The George Enescu Philharmonic Orchestra () is a musical institution located in Bucharest, Romania.

Founded on 7 May 1868 under the supervision of Eduard Wachman, the Romanian Philharmonic Society had as purpose the creation of a permanent symphonic orchestra in Bucharest. Its first concert took place on 15 December of the same year.

After the palace of the Romanian Athenaeum was built in 1888, the orchestra inaugurated that building with a concert on March 5, 1889, and the Athenaeum became the new home of the orchestra, as it has remained ever since.
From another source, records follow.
lemma card_permutations_of_set_prefix_in:
  assumes "finite U" "F \<subseteq> Pow U" "k \<le> card U"
  shows "card {xs \<in> permutations_of_set U. set (take k xs) \<in> F}
           = card {T \<in> F. card T = k} * (fact k * fact (card U - k))"
proof -
  let ?F = "{T \<in> F. card T = k}"
  have "{xs \<in> permutations_of_set U. set (take k xs) \<in> F}
          = (\<Union>T\<in>?F. {xs \<in> permutations_of_set U. set (take (card T) xs) = T})"
  proof (intro equalityI subsetI)
    fix xs assume "xs \<in> {xs \<in> permutations_of_set U. set (take k xs) \<in> F}"
    moreover from this have "card (set (take k xs)) = k"
      using assms(1,3) by (auto simp: permutations_of_set_def distinct_card min_absorb2)
    ultimately show "xs \<in> (\<Union>T\<in>?F. {xs \<in> permutations_of_set U. set (take (card T) xs) = T})"
      by auto
  qed auto
  also have "card \<dots> = (\<Sum>T\<in>?F. card {xs \<in> permutations_of_set U. set (take (card T) xs) = T})"
    using assms(1,2) by (intro card_UN_disjoint) (auto intro: finite_subset[of _ "Pow U"])
  also have "\<dots> = (\<Sum>T\<in>?F. fact k * fact (card U - k))"
  proof (intro sum.cong refl)
    fix T assume "T \<in> ?F"
    then have "T \<subseteq> U" "card T = k" using assms(2) by auto
    then show "card {xs \<in> permutations_of_set U. set (take (card T) xs) = T}
                 = fact k * fact (card U - k)"
      using card_permutations_of_set_prefix[OF assms(1) \<open>T \<subseteq> U\<close>] by (simp only:)
  qed
  finally show ?thesis by simp
qed

lemma middle_fact_product_le:
  assumes "k \<le> 2 * m + 1"
  shows "fact m * fact (Suc m) \<le> (fact k * fact (2 * m + 1 - k) :: nat)"
proof -
  let ?n = "2 * m + 1"
  have "fact m * fact (Suc m) * (?n choose k) \<le> fact m * fact (Suc m) * (?n choose m)"
    using binomial_maximum[of ?n k] by simp
  also have "\<dots> = fact ?n"
    using binomial_fact_lemma[of m ?n] by simp
  also have "\<dots> = fact k * fact (?n - k) * (?n choose k)"
    using binomial_fact_lemma[OF assms] by simp
  finally show ?thesis
    using assms by simp
qed

lemma card_mult_middle_fact_le_sum_card_prefixes:
  assumes "n = 2 * m + 1" "K \<subseteq> {..n}" "F \<subseteq> Pow {..<n}" "\<And>T. T \<in> F \<Longrightarrow> card T \<in> K"
  shows "card F * (fact m * fact (Suc m))
           \<le> (\<Sum>xs\<in>permutations_of_set {..<n}. card {k\<in>K. set (take k xs) \<in> F})"
proof -
  have "finite K" "finite F"
    using assms(2,3) finite_subset by (auto intro: finite_subset[of _ "Pow {..<n}"])
  have "card F = (\<Sum>k\<in>K. card {T \<in> F. card T = k})"
    using sum.group[of F K card "\<lambda>_. 1::nat"] \<open>finite K\<close> \<open>finite F\<close> assms(4)
    by (simp add: image_subset_iff)
  then have "card F * (fact m * fact (Suc m))
               = (\<Sum>k\<in>K. card {T \<in> F. card T = k} * (fact m * fact (Suc m)))"
    by (simp add: sum_distrib_right)
  also have "\<dots> \<le> (\<Sum>k\<in>K. card {T \<in> F. card T = k} * (fact k * fact (n - k)))"
    using assms(1,2) middle_fact_product_le by (intro sum_mono mult_le_mono2) auto
  also have "\<dots> = (\<Sum>k\<in>K. card {xs \<in> permutations_of_set {..<n}. set (take k xs) \<in> F})"
    using assms(2,3) card_permutations_of_set_prefix_in[of "{..<n}" F] by (intro sum.cong refl) auto
  also have "\<dots> = (\<Sum>xs\<in>permutations_of_set {..<n}. card {k\<in>K. set (take k xs) \<in> F})"
    using \<open>finite K\<close> by (intro sum_multicount_gen[symmetric]) auto
  finally show ?thesis .
qed
lemma hurwitz_maps_deriv_bounded:
  assumes "Y \<noteq> UNIV"
  obtains M where "\<And>h. h \<in> hurwitz_maps (ball 0 1) Y 0 v \<Longrightarrow> norm (deriv h 0) \<le> M"
proof -
  obtain p where p: "p \<notin> Y" using assms by blast
  obtain M where M: "\<And>f. \<lbrakk>f holomorphic_on ball 0 1; f 0 = -1; \<And>z. z \<in> ball 0 1 \<Longrightarrow> f z \<noteq> 0 \<and> f z \<noteq> 1\<rbrakk>
                           \<Longrightarrow> norm (deriv f 0) \<le> M"
    using Landau_deriv_bound by blast
  show ?thesis
  proof (rule that)
    fix h assume h: "h \<in> hurwitz_maps (ball 0 1) Y 0 v"
    then obtain L where holL: "L holomorphic_on ball 0 1" and L0: "L 0 = 0"
      and hL: "\<And>z. z \<in> ball 0 1 \<Longrightarrow> h z = p - (p - v) * exp (L z)"
      and expL: "\<And>z. z \<in> ball 0 1 \<Longrightarrow> exp (L z) = 1 \<Longrightarrow> z = 0"
      using hurwitz_map_eq_exp p by metis
    define T where "T = 2 * of_real pi * \<i>"
    have T: "T \<noteq> 0" by (simp add: T_def)
    \<comment> \<open>\<open>L / T - 1\<close> omits \<open>0\<close> and \<open>1\<close> because \<open>L\<close> omits \<open>T\<close> and \<open>2 * T\<close>.\<close>
    have bound: "norm (deriv (\<lambda>z. L z / T - 1) 0) \<le> M"
    proof (rule M)
      show "(\<lambda>z. L z / T - 1) holomorphic_on ball 0 1" by (intro holomorphic_intros holL) (simp add: T)
      fix z :: complex assume z: "z \<in> ball 0 1"
      have "exp T = 1" "exp (2 * T) = 1" by (simp_all add: T_def exp_eq_1)
      then show "L z / T - 1 \<noteq> 0 \<and> L z / T - 1 \<noteq> 1"
        using expL[OF z] L0 T by (auto simp: field_simps)
    qed (simp add: L0)
    have dL: "(L has_field_derivative deriv L 0) (at 0)"
      using holL by (intro holomorphic_derivI[of L "ball 0 1"]) auto
    have dphi: "deriv (\<lambda>z. L z / T - 1) 0 = deriv L 0 / T"
      by (rule DERIV_imp_deriv) (use dL T in \<open>auto intro!: derivative_eq_intros\<close>)
    have dh: "deriv h 0 = - ((p - v) * deriv L 0)"
    proof (rule DERIV_imp_deriv)
      have "((\<lambda>z. p - (p - v) * exp (L z)) has_field_derivative - ((p - v) * deriv L 0)) (at 0)"
        using dL L0 by (auto intro!: derivative_eq_intros)
      then show "(h has_field_derivative - ((p - v) * deriv L 0)) (at 0)"
        by (rule has_field_derivative_transform_within_open[of _ _ _ "ball 0 1"]) (use hL in auto)
    qed
    have "norm (deriv L 0) \<le> 2 * pi * M"
      using bound unfolding dphi by (simp add: T_def norm_mult norm_divide field_simps)
    then show "norm (deriv h 0) \<le> norm (p - v) * (2 * pi * M)"
      by (simp add: dh norm_mult mult_left_mono)
  qed
qed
Wachman, who conducted the first permanent orchestra until 1907, was followed by Dimitrie Dinicu (1868–1936), and himself was followed as the principal conductor, starting in 1920, by George Georgescu, a student of both Arthur Nikisch and George Enescu.

After World War II, the institution diversified its activity by creating the Academic Choir, a nucleus of soloists (such as Maria Kardas Barna who was a permanent piano soloist until 1971), and several chamber ensembles. After the death of George Enescu in 1955, the Philharmonic was renamed George Enescu Philharmonic Orchestra in his honour. Likewise, the Orchestra is, by tradition, the first to play at the George Enescu Festival.

The Philharmonic's principal conductors have included Constantin Silvestri, Mircea Basarab, Dumitru Capoianu, Ion Voicu, Mihai Brediceanu, and Cristian Mandeal. Since 2010, the general director has been Andrei Dimitriu and, as of 2015, the artistic director is the pianist Nicolae Licaret.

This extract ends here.